What to work on - Your output should be each line from the material below that has the word "define".

(Beginning of Material for this task)

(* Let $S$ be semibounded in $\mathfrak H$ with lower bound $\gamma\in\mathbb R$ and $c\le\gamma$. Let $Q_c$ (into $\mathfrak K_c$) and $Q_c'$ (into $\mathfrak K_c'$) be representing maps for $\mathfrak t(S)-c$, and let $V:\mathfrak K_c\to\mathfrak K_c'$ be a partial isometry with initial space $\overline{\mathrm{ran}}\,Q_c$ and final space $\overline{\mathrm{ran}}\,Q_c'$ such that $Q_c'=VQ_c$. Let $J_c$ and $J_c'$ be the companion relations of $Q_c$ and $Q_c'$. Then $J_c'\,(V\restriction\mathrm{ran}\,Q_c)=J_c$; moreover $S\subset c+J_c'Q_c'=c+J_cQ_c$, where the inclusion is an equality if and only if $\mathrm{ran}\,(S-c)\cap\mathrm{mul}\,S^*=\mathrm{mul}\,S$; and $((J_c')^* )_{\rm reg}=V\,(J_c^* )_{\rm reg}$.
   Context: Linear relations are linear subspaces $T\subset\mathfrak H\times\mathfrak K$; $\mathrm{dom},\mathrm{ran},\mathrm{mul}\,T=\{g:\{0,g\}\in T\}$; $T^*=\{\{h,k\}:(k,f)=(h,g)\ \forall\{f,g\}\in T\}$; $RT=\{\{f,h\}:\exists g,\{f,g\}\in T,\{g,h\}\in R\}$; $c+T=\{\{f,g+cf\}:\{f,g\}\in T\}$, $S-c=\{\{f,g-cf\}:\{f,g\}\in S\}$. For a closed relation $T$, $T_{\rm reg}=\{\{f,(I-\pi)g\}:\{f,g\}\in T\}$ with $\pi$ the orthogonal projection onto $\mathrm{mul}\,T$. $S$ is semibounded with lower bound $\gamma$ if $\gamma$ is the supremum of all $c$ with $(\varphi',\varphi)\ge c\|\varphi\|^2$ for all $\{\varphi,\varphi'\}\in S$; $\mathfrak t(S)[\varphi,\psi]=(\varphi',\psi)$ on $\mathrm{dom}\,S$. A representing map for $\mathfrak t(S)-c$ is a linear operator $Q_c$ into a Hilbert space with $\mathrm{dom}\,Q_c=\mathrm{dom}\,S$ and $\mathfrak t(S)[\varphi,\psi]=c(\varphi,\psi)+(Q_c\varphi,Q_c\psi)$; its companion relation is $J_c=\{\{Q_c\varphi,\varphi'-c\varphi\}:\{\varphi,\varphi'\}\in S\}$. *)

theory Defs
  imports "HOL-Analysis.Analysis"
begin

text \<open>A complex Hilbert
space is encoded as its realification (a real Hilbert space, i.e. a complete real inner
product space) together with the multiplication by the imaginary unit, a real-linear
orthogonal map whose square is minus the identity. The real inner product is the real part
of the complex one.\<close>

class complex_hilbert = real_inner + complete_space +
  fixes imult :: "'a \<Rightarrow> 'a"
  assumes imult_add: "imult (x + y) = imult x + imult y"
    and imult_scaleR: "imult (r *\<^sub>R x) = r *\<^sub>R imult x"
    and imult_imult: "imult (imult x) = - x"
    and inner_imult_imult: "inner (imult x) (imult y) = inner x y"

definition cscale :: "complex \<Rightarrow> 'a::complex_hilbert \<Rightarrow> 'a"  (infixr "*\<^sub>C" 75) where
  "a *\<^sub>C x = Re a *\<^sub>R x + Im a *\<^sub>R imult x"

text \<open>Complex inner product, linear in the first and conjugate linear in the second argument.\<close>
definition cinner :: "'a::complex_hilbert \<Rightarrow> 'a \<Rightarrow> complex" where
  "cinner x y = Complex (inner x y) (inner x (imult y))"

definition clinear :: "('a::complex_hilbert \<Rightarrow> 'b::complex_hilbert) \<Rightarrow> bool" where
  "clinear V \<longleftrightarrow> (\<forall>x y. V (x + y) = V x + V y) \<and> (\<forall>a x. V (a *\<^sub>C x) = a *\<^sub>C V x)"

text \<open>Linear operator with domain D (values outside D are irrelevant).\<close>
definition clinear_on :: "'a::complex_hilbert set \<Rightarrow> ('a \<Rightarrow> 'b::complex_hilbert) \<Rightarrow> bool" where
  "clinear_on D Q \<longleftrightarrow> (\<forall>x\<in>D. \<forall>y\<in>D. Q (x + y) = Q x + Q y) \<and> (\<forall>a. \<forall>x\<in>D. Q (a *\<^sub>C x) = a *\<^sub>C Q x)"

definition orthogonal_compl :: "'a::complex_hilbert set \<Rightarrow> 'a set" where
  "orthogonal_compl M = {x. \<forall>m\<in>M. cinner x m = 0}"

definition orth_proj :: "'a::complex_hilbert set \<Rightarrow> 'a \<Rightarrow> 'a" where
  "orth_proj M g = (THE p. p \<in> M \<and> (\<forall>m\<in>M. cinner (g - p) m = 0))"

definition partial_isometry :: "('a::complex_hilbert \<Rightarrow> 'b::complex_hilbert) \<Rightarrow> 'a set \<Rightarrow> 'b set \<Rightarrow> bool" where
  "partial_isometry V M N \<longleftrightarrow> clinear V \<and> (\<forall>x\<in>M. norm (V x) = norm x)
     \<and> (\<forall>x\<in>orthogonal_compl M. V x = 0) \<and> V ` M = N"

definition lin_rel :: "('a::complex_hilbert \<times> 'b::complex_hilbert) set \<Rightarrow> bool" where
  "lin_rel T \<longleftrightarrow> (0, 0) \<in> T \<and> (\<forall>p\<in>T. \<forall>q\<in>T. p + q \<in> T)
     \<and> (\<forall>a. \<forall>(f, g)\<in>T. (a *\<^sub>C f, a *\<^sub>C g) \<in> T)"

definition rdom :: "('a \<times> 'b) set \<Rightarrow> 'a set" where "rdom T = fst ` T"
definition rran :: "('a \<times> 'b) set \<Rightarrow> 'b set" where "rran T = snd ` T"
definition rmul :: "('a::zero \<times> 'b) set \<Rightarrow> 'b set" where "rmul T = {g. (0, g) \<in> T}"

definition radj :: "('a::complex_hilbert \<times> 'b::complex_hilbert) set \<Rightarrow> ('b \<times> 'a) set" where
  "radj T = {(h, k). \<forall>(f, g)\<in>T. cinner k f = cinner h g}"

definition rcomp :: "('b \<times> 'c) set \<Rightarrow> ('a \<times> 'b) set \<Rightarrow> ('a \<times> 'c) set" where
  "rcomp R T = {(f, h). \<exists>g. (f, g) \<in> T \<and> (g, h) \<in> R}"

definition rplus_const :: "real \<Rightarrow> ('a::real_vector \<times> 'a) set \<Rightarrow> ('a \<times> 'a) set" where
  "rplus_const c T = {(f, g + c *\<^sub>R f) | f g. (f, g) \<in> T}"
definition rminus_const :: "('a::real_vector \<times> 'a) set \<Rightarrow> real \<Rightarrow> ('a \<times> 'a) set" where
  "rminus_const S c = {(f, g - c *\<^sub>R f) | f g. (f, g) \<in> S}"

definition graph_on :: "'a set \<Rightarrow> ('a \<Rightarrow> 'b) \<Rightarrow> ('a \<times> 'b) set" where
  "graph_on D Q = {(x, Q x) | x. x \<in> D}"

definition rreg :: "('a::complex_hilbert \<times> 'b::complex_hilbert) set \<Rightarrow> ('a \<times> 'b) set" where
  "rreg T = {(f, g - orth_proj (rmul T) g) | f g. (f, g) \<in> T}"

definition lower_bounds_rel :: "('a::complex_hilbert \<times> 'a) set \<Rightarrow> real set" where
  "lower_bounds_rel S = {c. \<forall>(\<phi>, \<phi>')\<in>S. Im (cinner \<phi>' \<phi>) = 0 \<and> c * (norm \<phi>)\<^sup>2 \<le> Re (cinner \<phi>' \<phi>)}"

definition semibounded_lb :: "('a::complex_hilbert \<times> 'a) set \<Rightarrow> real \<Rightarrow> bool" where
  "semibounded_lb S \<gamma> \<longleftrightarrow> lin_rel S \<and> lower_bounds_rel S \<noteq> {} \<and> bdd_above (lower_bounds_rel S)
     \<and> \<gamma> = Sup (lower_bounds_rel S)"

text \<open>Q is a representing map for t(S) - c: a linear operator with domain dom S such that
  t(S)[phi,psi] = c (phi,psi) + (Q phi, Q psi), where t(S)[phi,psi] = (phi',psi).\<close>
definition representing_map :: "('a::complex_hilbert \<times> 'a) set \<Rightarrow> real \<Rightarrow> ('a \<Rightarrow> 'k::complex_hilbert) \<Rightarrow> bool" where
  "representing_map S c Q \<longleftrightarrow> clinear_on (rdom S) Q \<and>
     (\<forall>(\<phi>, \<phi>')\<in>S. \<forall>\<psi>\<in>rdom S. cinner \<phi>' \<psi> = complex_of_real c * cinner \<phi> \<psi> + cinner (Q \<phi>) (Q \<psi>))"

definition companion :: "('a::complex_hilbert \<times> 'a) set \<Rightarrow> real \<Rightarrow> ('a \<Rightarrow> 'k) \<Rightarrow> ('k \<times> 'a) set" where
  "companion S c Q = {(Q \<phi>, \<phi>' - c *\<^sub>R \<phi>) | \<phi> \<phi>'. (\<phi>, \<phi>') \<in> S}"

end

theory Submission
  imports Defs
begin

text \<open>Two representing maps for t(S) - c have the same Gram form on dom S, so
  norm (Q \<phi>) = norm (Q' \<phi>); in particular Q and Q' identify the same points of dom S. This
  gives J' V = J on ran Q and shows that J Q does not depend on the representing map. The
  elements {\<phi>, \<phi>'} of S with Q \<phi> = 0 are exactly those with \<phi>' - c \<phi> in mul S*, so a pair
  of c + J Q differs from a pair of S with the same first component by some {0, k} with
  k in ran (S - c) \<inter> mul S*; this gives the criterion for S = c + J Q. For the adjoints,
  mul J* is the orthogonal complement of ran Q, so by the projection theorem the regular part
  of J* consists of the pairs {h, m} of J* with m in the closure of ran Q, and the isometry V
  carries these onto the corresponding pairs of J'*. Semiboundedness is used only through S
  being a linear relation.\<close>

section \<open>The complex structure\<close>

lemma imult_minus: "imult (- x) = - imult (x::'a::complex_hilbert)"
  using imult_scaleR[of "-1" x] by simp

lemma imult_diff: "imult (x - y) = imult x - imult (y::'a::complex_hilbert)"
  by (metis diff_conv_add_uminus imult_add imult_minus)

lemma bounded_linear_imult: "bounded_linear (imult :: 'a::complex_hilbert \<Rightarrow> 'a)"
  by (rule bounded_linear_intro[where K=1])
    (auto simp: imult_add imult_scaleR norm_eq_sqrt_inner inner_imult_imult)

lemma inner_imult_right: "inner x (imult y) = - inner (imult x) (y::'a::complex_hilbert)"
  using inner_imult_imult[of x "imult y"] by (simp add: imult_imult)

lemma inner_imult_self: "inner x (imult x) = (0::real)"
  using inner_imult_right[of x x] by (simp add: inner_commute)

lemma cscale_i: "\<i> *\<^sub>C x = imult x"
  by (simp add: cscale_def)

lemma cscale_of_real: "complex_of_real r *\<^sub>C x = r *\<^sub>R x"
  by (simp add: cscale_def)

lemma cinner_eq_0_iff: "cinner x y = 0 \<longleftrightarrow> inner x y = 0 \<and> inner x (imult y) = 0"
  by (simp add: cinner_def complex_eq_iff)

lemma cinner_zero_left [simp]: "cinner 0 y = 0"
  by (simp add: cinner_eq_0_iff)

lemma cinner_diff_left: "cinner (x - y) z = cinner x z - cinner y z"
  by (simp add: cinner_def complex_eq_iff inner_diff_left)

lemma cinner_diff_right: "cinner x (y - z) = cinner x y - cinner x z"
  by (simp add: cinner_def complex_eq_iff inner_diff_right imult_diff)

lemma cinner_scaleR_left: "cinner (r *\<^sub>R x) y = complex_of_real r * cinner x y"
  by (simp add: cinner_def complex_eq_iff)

(End of Material for this task)
(Beginning of Material for this task)

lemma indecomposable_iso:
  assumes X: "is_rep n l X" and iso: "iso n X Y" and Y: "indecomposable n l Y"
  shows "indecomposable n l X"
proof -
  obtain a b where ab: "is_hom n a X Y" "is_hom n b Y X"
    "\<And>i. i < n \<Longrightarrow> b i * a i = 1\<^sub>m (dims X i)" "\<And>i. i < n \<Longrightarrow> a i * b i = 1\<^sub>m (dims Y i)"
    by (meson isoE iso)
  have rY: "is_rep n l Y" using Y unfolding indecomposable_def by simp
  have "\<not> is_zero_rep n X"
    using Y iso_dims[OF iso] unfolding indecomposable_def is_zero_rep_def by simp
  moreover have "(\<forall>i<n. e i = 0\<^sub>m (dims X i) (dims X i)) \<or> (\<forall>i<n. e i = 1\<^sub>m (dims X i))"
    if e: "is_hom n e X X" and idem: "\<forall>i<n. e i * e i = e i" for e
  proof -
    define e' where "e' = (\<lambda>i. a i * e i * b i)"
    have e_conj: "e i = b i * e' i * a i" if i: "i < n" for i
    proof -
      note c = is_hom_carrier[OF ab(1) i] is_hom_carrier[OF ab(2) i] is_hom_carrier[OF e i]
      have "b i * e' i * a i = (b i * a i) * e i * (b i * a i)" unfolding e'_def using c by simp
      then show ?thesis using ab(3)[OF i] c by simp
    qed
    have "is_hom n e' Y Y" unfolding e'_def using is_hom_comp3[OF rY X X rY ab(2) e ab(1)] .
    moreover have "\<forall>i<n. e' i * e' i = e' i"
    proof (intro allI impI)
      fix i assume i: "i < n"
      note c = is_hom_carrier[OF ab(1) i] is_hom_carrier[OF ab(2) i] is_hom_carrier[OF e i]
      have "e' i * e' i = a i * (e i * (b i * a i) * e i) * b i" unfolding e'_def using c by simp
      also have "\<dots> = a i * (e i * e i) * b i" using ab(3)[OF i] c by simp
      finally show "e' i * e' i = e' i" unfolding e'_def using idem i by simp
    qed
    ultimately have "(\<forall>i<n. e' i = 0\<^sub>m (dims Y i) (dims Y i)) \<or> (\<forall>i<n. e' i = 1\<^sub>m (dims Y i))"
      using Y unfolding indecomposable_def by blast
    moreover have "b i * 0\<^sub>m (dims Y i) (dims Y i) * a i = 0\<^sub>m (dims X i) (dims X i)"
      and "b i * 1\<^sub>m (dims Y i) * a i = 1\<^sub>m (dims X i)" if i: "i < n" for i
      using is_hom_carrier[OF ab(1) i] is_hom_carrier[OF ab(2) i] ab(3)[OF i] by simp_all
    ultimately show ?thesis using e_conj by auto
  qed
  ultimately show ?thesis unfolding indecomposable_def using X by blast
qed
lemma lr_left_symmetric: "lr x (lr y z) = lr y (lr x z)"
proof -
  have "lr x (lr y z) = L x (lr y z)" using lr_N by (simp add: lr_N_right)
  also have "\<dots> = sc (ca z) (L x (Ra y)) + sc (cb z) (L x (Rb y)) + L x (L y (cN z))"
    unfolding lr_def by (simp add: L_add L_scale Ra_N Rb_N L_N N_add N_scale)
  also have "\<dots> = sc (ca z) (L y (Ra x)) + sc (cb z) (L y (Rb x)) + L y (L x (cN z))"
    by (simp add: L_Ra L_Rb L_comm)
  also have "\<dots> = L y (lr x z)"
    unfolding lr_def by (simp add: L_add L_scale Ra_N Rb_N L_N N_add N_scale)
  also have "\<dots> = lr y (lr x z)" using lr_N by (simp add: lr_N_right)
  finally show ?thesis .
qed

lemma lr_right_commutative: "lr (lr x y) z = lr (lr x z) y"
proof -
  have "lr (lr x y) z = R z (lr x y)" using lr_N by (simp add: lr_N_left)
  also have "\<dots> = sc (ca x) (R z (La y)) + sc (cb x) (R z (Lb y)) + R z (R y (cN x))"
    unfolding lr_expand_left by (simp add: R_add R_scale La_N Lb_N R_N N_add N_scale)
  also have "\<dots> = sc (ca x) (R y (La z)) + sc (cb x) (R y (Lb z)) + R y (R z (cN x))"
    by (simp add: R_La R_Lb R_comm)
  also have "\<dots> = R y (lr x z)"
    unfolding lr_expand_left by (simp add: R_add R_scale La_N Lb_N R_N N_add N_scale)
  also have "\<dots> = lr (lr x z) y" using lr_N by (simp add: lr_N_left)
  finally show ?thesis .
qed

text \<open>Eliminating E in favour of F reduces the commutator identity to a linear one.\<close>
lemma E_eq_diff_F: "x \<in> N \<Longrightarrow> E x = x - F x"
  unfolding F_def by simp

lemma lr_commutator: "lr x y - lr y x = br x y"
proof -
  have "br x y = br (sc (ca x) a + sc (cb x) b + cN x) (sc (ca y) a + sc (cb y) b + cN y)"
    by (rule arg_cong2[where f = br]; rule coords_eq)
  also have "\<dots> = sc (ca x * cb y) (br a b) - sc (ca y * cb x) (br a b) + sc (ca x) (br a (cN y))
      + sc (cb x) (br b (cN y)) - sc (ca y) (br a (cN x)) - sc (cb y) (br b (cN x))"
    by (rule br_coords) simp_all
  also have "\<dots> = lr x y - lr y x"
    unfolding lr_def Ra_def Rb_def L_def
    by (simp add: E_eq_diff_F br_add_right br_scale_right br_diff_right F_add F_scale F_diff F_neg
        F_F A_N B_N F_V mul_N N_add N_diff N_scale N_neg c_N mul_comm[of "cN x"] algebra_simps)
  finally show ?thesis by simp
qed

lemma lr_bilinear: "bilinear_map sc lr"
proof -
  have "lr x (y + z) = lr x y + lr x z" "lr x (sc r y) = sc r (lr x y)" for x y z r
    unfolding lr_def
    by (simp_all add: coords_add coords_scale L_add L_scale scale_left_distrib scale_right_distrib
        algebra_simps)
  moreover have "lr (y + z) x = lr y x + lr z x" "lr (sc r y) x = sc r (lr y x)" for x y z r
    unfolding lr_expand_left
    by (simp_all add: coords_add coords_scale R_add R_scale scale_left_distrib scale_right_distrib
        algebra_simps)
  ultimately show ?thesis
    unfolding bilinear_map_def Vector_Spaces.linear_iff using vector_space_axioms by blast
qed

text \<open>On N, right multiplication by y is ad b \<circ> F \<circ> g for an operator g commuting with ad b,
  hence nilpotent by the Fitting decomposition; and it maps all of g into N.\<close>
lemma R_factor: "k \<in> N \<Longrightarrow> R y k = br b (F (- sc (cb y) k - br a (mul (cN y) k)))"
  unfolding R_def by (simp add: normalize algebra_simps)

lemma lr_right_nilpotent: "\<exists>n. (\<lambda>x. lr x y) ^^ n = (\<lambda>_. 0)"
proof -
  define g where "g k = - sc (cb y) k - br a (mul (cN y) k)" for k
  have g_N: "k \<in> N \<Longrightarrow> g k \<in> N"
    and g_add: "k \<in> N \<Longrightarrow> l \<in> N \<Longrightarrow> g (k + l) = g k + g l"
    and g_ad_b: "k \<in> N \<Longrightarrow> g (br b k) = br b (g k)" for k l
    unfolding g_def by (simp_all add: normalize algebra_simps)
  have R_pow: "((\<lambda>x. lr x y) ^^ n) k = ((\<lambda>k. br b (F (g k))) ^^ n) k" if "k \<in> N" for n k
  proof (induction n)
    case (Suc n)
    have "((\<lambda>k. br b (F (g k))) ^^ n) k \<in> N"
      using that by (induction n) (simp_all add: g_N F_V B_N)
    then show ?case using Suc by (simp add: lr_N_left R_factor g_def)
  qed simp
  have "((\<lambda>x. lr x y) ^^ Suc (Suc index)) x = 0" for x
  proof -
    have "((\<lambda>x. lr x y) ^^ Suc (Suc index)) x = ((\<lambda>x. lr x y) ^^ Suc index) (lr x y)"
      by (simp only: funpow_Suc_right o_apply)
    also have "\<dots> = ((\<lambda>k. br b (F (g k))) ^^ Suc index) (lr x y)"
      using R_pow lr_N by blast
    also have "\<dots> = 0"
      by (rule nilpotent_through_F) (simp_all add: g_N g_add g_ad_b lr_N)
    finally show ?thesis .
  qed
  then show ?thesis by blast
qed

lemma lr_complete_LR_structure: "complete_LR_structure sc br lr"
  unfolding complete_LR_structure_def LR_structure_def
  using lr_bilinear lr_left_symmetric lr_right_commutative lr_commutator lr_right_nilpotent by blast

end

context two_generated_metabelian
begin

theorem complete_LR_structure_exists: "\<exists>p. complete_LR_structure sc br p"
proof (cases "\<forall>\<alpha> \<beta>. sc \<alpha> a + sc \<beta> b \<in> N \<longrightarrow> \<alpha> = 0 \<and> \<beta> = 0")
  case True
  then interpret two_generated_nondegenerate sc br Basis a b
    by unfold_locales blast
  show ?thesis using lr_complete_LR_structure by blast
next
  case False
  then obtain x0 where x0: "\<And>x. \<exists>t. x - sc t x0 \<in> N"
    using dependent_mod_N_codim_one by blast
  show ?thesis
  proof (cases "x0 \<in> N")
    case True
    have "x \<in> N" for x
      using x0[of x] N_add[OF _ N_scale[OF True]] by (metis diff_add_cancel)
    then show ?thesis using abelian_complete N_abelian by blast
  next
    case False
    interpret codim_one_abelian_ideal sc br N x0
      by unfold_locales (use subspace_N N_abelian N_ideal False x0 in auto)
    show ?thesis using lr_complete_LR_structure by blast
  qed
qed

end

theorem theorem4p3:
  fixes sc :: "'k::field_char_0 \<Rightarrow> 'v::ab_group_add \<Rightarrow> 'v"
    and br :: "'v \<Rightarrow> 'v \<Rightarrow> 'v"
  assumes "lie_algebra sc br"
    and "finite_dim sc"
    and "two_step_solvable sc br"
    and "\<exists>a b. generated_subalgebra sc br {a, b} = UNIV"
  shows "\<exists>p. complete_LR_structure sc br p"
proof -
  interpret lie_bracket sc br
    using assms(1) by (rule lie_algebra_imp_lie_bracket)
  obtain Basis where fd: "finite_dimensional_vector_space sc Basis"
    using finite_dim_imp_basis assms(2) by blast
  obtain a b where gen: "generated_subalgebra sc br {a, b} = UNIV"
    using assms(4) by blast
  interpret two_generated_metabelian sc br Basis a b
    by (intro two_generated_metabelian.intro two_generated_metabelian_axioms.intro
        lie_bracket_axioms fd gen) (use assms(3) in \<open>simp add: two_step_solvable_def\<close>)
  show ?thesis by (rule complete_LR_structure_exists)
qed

(End of Material for this task)

Result -
    define e' where "e' = (\<lambda>i. a i * e i * b i)"
  define g where "g k = - sc (cb y) k - br a (mul (cN y) k)" for k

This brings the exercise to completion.